K-numberK244031
Device nameDisposable Blood Lancet (Soft Pro); Disposable Blood Lancet (Softsure); Disposable Blood Lancet (Softsure Pro); Disposable Blood Lancet (Softsense)
ApplicantSteriLance Medical (Suzhou), Inc.
Product codeQRK
Device classClass II
Decision dateFeb 26, 2025
DecisionSubstantially Equivalent
Regulation878.4850
AI Summary extracted from FDA summary PDF · never regenerated
Intended use

The Disposable Blood Lancet (available in four models: Soft Pro, Softsure, Softsure Pro, and Softsense) is a single-use sterile medical device designed for capillary blood sampling. It consists of a stainless steel needle encapsulated in a plastic needle body with a protective cap that is twisted off to expose the needle. The device is sterilized by radiation to a sterility assurance level of 10^-6.

Technological characteristics

The subject devices are identical to the predicate in product code (QRK/QRL), regulation, classification, sterilization method, gauges (21G–33G), and materials (stainless steel needle; polyethylene body and cap). The primary difference is needle exposed length: Soft Pro, Softsure, and Softsure Pro have 3.20±0.60 mm, while Softsense has 2.50±0.60 mm, compared to the predicate's uniform 3.20±0.60 mm. Indications for use differ slightly (sampling versus collection), but penetration depth depends on compatible lancing device.

Test standards cited

ISO 10993-1 (Biological evaluation of medical devices - Part 1: Evaluation and testing within a risk management process) was used for biocompatibility testing, which included cytotoxicity, skin sensitization, intracutaneous reactivity, and acute systemic toxicity.

Substantial equivalence argument

Substantial equivalence is established because the subject devices share the same intended use (capillary blood sampling), regulatory classification (Class II, 21 CFR 878.4850), and all critical technological characteristics with the predicate.
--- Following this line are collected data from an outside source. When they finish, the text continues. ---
lemma frozen_measure_restrict:
  assumes "s \<le> a" "a \<le> b" "b \<le> t"
  shows "frozen_measure R a b = density \<mu> (\<lambda>x. ennreal (indicator {a<..b} x))"
proof -
  interpret sub: frozen R a b
    using assms le by unfold_locales (auto intro: continuous_on_subset[OF cont] mono_on_subset[OF mono])
  have "cdf (density \<mu> (\<lambda>x. ennreal (indicator {a<..b} x))) x = measure \<mu> ({a<..b} \<inter> {..x})" for x
    unfolding cdf_def measure_def by (simp add: ennreal_indicator emeasure_restricted measure_eq)
  also have "\<dots> x = sub.F x" for x
  proof (cases "x \<le> a")
    case True
    then have "{a<..b} \<inter> {..x} = {}" by auto
    then show ?thesis using True sub.F_low[of x] by simp
  next
    case False
    then have "{a<..b} \<inter> {..x} = {a<..min b x}" by auto
    then show ?thesis using False assms measure_Ioc[of a "min b x"]
      by (simp add: F_def sub.F_def max_def min_def)
  qed
  moreover have "finite_borel_measure (density \<mu> (\<lambda>x. ennreal (indicator {a<..b} x)))"
  proof -
    interpret finite_borel_measure \<mu> by (rule finite_borel)
    have "emeasure (density \<mu> (\<lambda>x. ennreal (indicator {a<..b} x))) UNIV = emeasure \<mu> {a<..b}"
      using emeasure_restricted[of "{a<..b}" \<mu> UNIV] by (simp add: ennreal_indicator)
    then show ?thesis
      by (auto intro!: finite_measureI simp: finite_borel_measure_def
          finite_borel_measure_axioms_def emeasure_finite)
  qed
  ultimately show ?thesis
    by (intro cdf_unique' sub.finite_borel) (auto simp: fun_eq_iff cdf_def sub.measure_atMost)
qed

lemma set_integral_restrict:
  fixes f :: "real \<Rightarrow> real"
  assumes "s \<le> a" "a \<le> b" "b \<le> t" and "set_borel_measurable borel {a<..<b} f"
  shows "(LINT x:{a<..<b}|frozen_measure R a b. f x) = (LINT x:{a<..<b}|\<mu>. f x)"
  using assms(4) unfolding frozen_measure_restrict[OF assms(1-3)] set_lebesgue_integral_def
    set_borel_measurable_def
  by (subst integral_density) (auto simp: borel_measurable_iff indicator_def
      intro!: Bochner_Integration.integral_cong)

text \<open>The conditional integrals over adjacent intervals \<open>(s,b)\<close> and \<open>(b,t)\<close> add up to the one
  over \<open>(s,t)\<close>; the point \<open>b\<close> carries no mass since \<open>R\<close> is continuous.\<close>
lemma set_integral_split:
  fixes f :: "real \<Rightarrow> real"
  assumes b: "s \<le> b" "b \<le> t" and f: "continuous_on {s..t} f"
  shows "(LINT x:{s<..<t}|\<mu>. f x)
       = (LINT x:{s<..<b}|frozen_measure R s b. f x) + (LINT x:{b<..<t}|frozen_measure R b t. f x)"
proof -
  interpret finite_borel_measure \<mu> by (rule finite_borel)
  have meas: "set_borel_measurable borel A f" if "A \<subseteq> {s..t}" "A \<in> sets borel" for A
    using borel_measurable_continuous_on_indicator[OF that(2) continuous_on_subset[OF f that(1)]]
    by (simp add: set_borel_measurable_def)
  obtain B where B: "\<And>x. x \<in> {s..t} \<Longrightarrow> norm (f x) \<le> B"
    using compact_imp_bounded[OF compact_continuous_image[OF f compact_Icc]]
    unfolding bounded_iff by force
  have integrable: "set_integrable \<mu> A f" if "A \<subseteq> {s..t}" "A \<in> sets borel" for A
    unfolding set_integrable_def
  proof (rule integrable_const_bound[where B = "max 0 B"])
    show "AE x in \<mu>. norm (indicator A x *\<^sub>R f x) \<le> max 0 B"
      using B that(1) by (intro AE_I2) (force simp: indicator_def)
    show "(\<lambda>x. indicator A x *\<^sub>R f x) \<in> borel_measurable \<mu>"
      using meas[OF that] by (simp add: borel_measurable_iff set_borel_measurable_def)
  qed
  have pieces: "{s<..<t} \<subseteq> {s..t}" "{s<..<b} \<union> {b<..<t} \<subseteq> {s..t}"
    "{s<..<b} \<subseteq> {s..t}" "{b<..<t} \<subseteq> {s..t}"
    using b by auto
  have "(LINT x:{s<..<t}|\<mu>. f x) = (LINT x:{s<..<b} \<union> {b<..<t}|\<mu>. f x)"
  proof (rule set_integral_cong_set)
    show "AE x in \<mu>. (x \<in> {s<..<b} \<union> {b<..<t}) = (x \<in> {s<..<t})"
      by (rule AE_I'[OF null_singleton[of b]]) (use b in auto)
  qed (use meas[OF pieces(1)] meas[OF pieces(2)]
      in \<open>auto simp: borel_measurable_iff set_borel_measurable_def\<close>)
  also have "\<dots> = (LINT x:{s<..<b}|\<mu>. f x) + (LINT x:{b<..<t}|\<mu>. f x)"
    by (rule set_integral_Un) (use integrable[OF pieces(3)] integrable[OF pieces(4)] in auto)
  finally show ?thesis
    using set_integral_restrict[of s b f] set_integral_restrict[of b t f]
      meas[OF pieces(3)] meas[OF pieces(4)] b le by simp
qed



text \<open>Forward computation: if \<open>R = c (1/g\<^sup>2 - \<tau>)\<close> on \<open>[s,t]\<close>, then \<open>g x = f (F x)\<close> with
  \<open>f v = 1/sqrt(v/c + 1/g(s)\<^sup>2)\<close>, and the mean of \<open>g\<close> under \<open>dR/D\<close> is the harmonic mean
  of \<open>g s\<close> and \<open>g t\<close>.\<close>
lemma harmonic_conditional_mean:
  fixes g :: "real \<Rightarrow> real" and c \<tau> :: real
  assumes c: "c > 0" and g_pos: "\<And>y. y \<in> {s..t} \<Longrightarrow> g y > 0" and g_less: "g t < g s"
    and R_g: "\<And>y. y \<in> {s..t} \<Longrightarrow> R y = c * (1 / (g y)\<^sup>2 - \<tau>)"
  shows "(LINT x:{s<..<t}|\<mu>. g x) / D = harmonic_mean (g s) (g t)"
proof -
  have gs: "g s > 0" and gt: "g t > 0" using g_pos le by auto
  define p where "p = 1 / (g s)\<^sup>2"
  define f where "f v = 1 / sqrt (v / c + p)" for v
  have D_eq: "D = c * (1 / (g t)\<^sup>2 - 1 / (g s)\<^sup>2)"
    using R_g[of s] R_g[of t] le by (simp add: algebra_simps)
  have "g x = f (F x)" if "x \<in> {s<..<t}" for x
  proof -
    have "F x / c + p = 1 / (g x)\<^sup>2"
      using that R_g[of x] R_g[of s] c by (simp add: F_def p_def field_simps)
    then show ?thesis
      using g_pos[of x] that by (simp add: f_def real_sqrt_divide)
  qed
  then have "(LINT x:{s<..<t}|\<mu>. g x) = (LINT x:{s<..<t}|\<mu>. f (F x))"
    by (intro set_lebesgue_integral_cong) auto
  also have "\<dots> = (LBINT v:{0..D}. f v)"
    by (rule integral_change_var) (simp add: f_def)
  also have "\<dots> = 2 * c * (sqrt (D / c + p) - sqrt p)"
    unfolding f_def using F_range[of t] c gs by (intro integral_inv_sqrt) (auto simp: p_def)
  also have "\<dots> = 2 * c * (1 / g t - 1 / g s)"
    using c gs gt by (simp add: D_eq p_def real_sqrt_divide)
  finally have num: "(LINT x:{s<..<t}|\<mu>. g x) = 2 * c * (1 / g t - 1 / g s)" .
  have den: "D = c * (1 / g t - 1 / g s) * (1 / g t + 1 / g s)"
    using D_eq by (simp add: power2_eq_square algebra_simps)
  have cancel: "2 * c * (x - y) / (c * (x - y) * (x + y)) = 2 / (x + y)" if "x - y \<noteq> 0" for x y
    using that c by (simp add: divide_simps)
  have "1 / g t - 1 / g s \<noteq> 0" using g_less gs gt by (simp add: field_simps)
  then have "(LINT x:{s<..<t}|\<mu>. g x) / D = 2 / (1 / g t + 1 / g s)"
    unfolding num den by (rule cancel)
  then show ?thesis
    unfolding harmonic_mean_def using gs gt by (simp add: field_simps)
qed

end

definition open_support :: "(real \<Rightarrow> real) \<Rightarrow> real set" where
  "open_support G = {y. lG G < ereal y \<and> ereal y < rG G}"

locale cont_distr_fun =
  fixes G :: "real \<Rightarrow> real"
  assumes distr: "is_distr_fun G" and cont: "continuous_on UNIV G"
begin

abbreviation S :: "real set" where
  "S \<equiv> open_support G"

lemma G_mono: "x \<le> y \<Longrightarrow> G x \<le> G y"
  using distr by (auto simp: is_distr_fun_def mono_def)

lemma G_at_bot: "(G \<longlongrightarrow> 0) at_bot" and G_at_top: "(G \<longlongrightarrow> 1) at_top"
  using distr by (simp_all add: is_distr_fun_def)

lemma G_nonneg: "0 \<le> G x"
  using G_at_bot
  by (rule tendsto_upperbound) (auto simp: eventually_at_bot_linorder G_mono intro!: exI[of _ x])

lemma open_support_Icc: "a \<in> S \<Longrightarrow> b \<in> S \<Longrightarrow> {a..b} \<subseteq> S"
  unfolding open_support_def
  by (auto intro: order.strict_trans2[of "lG G" "ereal a"] order.strict_trans1[of _ "ereal b" "rG G"])

lemma G_open_support: "y \<in> S \<Longrightarrow> 0 < G y \<and> G y < 1"
proof
  assume "y \<in> S"
  then have "lG G < ereal y" "ereal y < rG G" by (auto simp: open_support_def)
  then obtain z z' where "0 < G z" "z < y" "G z' < 1" "y < z'"
    unfolding lG_def rG_def Inf_less_iff less_Sup_iff by auto
  then show "0 < G y" "G y < 1"
    using G_mono[of z y] G_mono[of y z'] by auto
qed

lemma G_attains: assumes "0 < v" "v < 1" shows "\<exists>y. G y = v"
proof -
  obtain a where a: "G a < v"
    using order_tendstoD(2)[OF G_at_bot] assms by (auto simp: eventually_at_bot_linorder)
  obtain b where b: "G b > v"
    using order_tendstoD(1)[OF G_at_top] assms by (auto simp: eventually_at_top_linorder)
  have "a \<le> b" using a b G_mono[of b a] by (cases "a \<le> b") auto
  then show ?thesis using IVT'[of G a v b] a b continuous_on_subset[OF cont] by auto
qed
theorem theorem4:
  "\<exists>C::nat. \<forall>(n::nat) (p::nat \<Rightarrow> real) (\<sigma>::nat \<Rightarrow> nat set) (k::nat).
     (\<forall>j<n. p j > 0) \<longrightarrow> \<sigma> 0 \<subseteq> {..<n} \<longrightarrow>
     (\<forall>i<k. improving_swap2 p n (\<sigma> i) (\<sigma> (Suc i))) \<longrightarrow>
     k \<le> C * n ^ 4"
proof (intro exI[of _ 7] allI impI)
  fix n :: nat and p :: "nat \<Rightarrow> real" and \<sigma> :: "nat \<Rightarrow> nat set" and k :: nat
  assume pos: "\<forall>j<n. p j > 0" and start: "\<sigma> 0 \<subseteq> {..<n}"
    and steps: "\<forall>i<k. improving_swap2 p n (\<sigma> i) (\<sigma> (Suc i))"
  have nonneg: "\<forall>j<n. 0 \<le> p j" using pos by (simp add: less_imp_le)
  have schedule: "\<sigma> i \<subseteq> {..<n}" if "i \<le> k" for i
    using that
  proof (induction i)
    case (Suc i)
    then show ?case
      using steps swap2_neighbor_subset unfolding improving_swap2_def by simp
  qed (use start in simp)
  let ?\<Phi> = "\<lambda>i. potential p n (\<sigma> i) (machine2 n (\<sigma> i))"
  have "k \<le> ?\<Phi> 0"
    using improving_swap2_potential_less schedule steps nonneg
    by (intro descending_chain_length) simp
  also have "?\<Phi> 0 \<le> 7 * n ^ 4"
    using start by (intro potential_le) (auto simp: machine2_def)
  finally show "k \<le> 7 * n ^ 4" .
qed

end
lemma kleene_nbhd_test:
  assumes xs: "length xs = k" and pts: "length pts = l"
  shows "kleene (nbhd_test k l) (b # xs @ tail) (f # pts) Fs (truth ((xs, pts) \<in> nbhd b))"
proof -
  obtain A B where AB: "prod_decode b = (A, B)" by (cases "prod_decode b")
  let ?E = "b # xs @ tail"
  have "kleene values_code_prog ?E (f # pts) Fs (fst (prod_decode b))"
    unfolding values_code_prog_def by (rule kleene_comp1[OF kleene_proj_0 kleene_fst_decode])
  with AB have A: "kleene values_code_prog ?E (f # pts) Fs A" by simp
  have "kleene segments_code_prog ?E (f # pts) Fs (snd (prod_decode b))"
    unfolding segments_code_prog_def by (rule kleene_comp1[OF kleene_proj_0 kleene_snd_decode])
  with AB have B: "kleene segments_code_prog ?E (f # pts) Fs B" by simp
  have coord: "kleene (proj (Suc i)) ?E (f # pts) Fs (xs ! i)" if "i < k" for i
    using that xs by (intro kleene_proj) (simp_all add: nth_append)
  have values_ok: "kleene (eq_test (comp2 nth_prog values_code_prog (const_prog i)) (proj (Suc i)))
      ?E (f # pts) Fs (truth (code_nth A i = xs ! i))" if "i < k" for i
    by (rule kleene_eq_test[OF kleene_comp2[OF A kleene_const kleene_nth] coord[OF that]])
  have "kleene (comp1 snd_decode_prog (proj 1)) (j # ?E) (f # pts) Fs (snd (prod_decode b))" for j
    by (rule kleene_comp1[OF kleene_proj_1 kleene_snd_decode])
  with AB have segment: "kleene (comp2 nth_prog (comp1 snd_decode_prog (proj 1)) (const_prog i))
      (j # ?E) (f # pts) Fs (code_nth B i)" for i j
    by (simp add: kleene_comp2[OF _ kleene_const kleene_nth])
  have "kleene (fun_app (Suc i)) (j # j # ?E) (f # pts) Fs ((pts ! i) j)"
    if "i < l" for i j
    using that pts by (intro kleene_fun_app) simp_all
  then have entry: "kleene (segment_entry_test i) (j # ?E) (f # pts) Fs
      (truth ((pts ! i) j = code_nth (code_nth B i) j))" if "i < l" for i j
    unfolding segment_entry_test_def
    by (rule kleene_eq_test[OF kleene_comp1[OF kleene_proj_0] kleene_comp2[OF segment kleene_proj_0 kleene_nth]])
      (rule that)
  have segments_ok: "kleene (comp1 (ball_test (segment_entry_test i))
        (comp1 length_prog (comp2 nth_prog segments_code_prog (const_prog i)))) ?E (f # pts) Fs
      (truth (\<forall>j<length (list_decode (code_nth B i)). (pts ! i) j = code_nth (code_nth B i) j))"
    if "i < l" for i
    by (rule kleene_comp1[OF kleene_comp1[OF kleene_comp2[OF B kleene_const kleene_nth] kleene_length]
          kleene_ball_test[OF entry[OF that]]])
  have "kleene (nbhd_test k l) ?E (f # pts) Fs (truth (
      length (list_decode A) = k \<and> (\<forall>i<k. code_nth A i = xs ! i) \<and>
      length (list_decode B) = l \<and>
      (\<forall>i<l. \<forall>j<length (list_decode (code_nth B i)). (pts ! i) j = code_nth (code_nth B i) j)))"
    unfolding nbhd_test_def
    by (rule kleene_and_test[OF kleene_eq_test[OF kleene_comp1[OF A kleene_length] kleene_const]
          kleene_and_test[OF kleene_all_test[OF values_ok]
            kleene_and_test[OF kleene_eq_test[OF kleene_comp1[OF B kleene_length] kleene_const]
              kleene_all_test[OF segments_ok]]]])
  then show ?thesis using mem_nbhd_iff[OF AB xs pts] by simp
qed
theorem mainTheorem1:
  fixes gr :: "'g::ab_group_add \<Rightarrow> 'a::ring_1 set"
  assumes "graded_ring gr"
  shows "(graded_right_rickart gr \<longleftrightarrow>
            (\<forall>x\<in>homog gr. projective_rideal TYPE('i) (principal_right_ideal x)))
       \<and> (graded_right_rickart gr \<longleftrightarrow>
            (\<forall>x\<in>homog gr. graded_projective_rideal gr TYPE('j) (principal_right_ideal x)))
       \<and> (right_rickart TYPE('a) \<longrightarrow> graded_right_rickart gr)"
proof (intro conjI iffI impI ballI)
  fix x assume "graded_right_rickart gr" and "x \<in> homog gr"
  then show "graded_projective_rideal gr TYPE('j) (principal_right_ideal x)"
    and "projective_rideal TYPE('i) (principal_right_ideal x)"
    using graded_projective_if_graded_right_rickart[OF assms]
      graded_projective_rideal_imp_projective_rideal by blast+
next
  assume "\<forall>x\<in>homog gr. projective_rideal TYPE('i) (principal_right_ideal x)"
  then show "graded_right_rickart gr" by (rule graded_right_rickart_if_projective[OF assms])
next
  assume "\<forall>x\<in>homog gr. graded_projective_rideal gr TYPE('j) (principal_right_ideal x)"
  then show "graded_right_rickart gr"
    using graded_right_rickart_if_projective[OF assms]
      graded_projective_rideal_imp_projective_rideal by blast
next
  assume "right_rickart TYPE('a)"
  then show "graded_right_rickart gr"
    unfolding graded_right_rickart_iff[OF assms] right_rickart_def by blast
qed

end
(* Let $\Omega\in\mathscr A$ with $\mathfrak m(\Omega)<+\infty$ and for $\kappa>0$ let $\mathcal J_\kappa[F]:=P(F)-\kappa\,\mathfrak m(F)$ for measurable $F\subset\Omega$. If (P.4) and (P.5) hold, then $\mathcal J_\kappa$ admits a minimizer among measurable subsets of $\Omega$. If in addition (P.1) holds, then: (i) if $\mathcal J_\kappa$ has a minimizer $E$ with $\mathfrak m(E)>0$, then $\Omega$ is $1$-admissible and $\kappa\ge h_1(\Omega)$; (ii) if $\Omega$ is $1$-admissible and $\kappa>h_1(\Omega)$, then $\mathcal J_\kappa$ has a minimizer with positive $\mathfrak m$-measure; (iii) if $\Omega$ has a $1$-Cheeger set, then $\mathcal J_\kappa$ has a minimizer with positive $\mathfrak m$-measure if and only if $\kappa\ge h_1(\Omega)$.
   Context: $(X,\mathscr A,\mathfrak m)$ is a non-negative $\sigma$-finite measure space; for $A,B\in\mathscr A$, "$A\subset B$" means $\mathfrak m(A\setminus B)=0$. $P\colon\mathscr A\to[0,+\infty]$ is a proper functional. (P.1): $P(\emptyset)=0$. (P.4): if $\chi_{E_k}\to\chi_E$ in $L^1(X,\mathfrak m)$ then $P(E)\le\liminf_k P(E_k)$. (P.5): for every $c\ge0$, $\{\chi_E:E\in\mathscr A,\ P(E)\le c\}$ is compact in $L^1(X,\mathfrak m)$. $\Omega$ is $1$-admissible if it contains some $E$ with $0<\mathfrak m(E)<+\infty$, $P(E)<+\infty$; $h_1(\Omega)=\inf\{P(E)/\mathfrak m(E): E\subset\Omega,\ 0<\mathfrak m(E)<+\infty,\ P(E)<+\infty\}$; a set attaining it is a $1$-Cheeger set of $\Omega$. *)

theory Defs
  imports "HOL-Analysis.Analysis"
begin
The needle length variation for the Softsense model does not raise safety or effectiveness concerns because penetration depth is ultimately controlled by the compatible lancing device, not the lancet itself. Biocompatibility and bench testing (appearance, dimensions, sharpness, binding strength, compatibility with lancing devices) demonstrate equivalent performance. Therefore, the physical dimension difference—the only substantive variation—does not affect the device's fundamental safety and efficacy profile.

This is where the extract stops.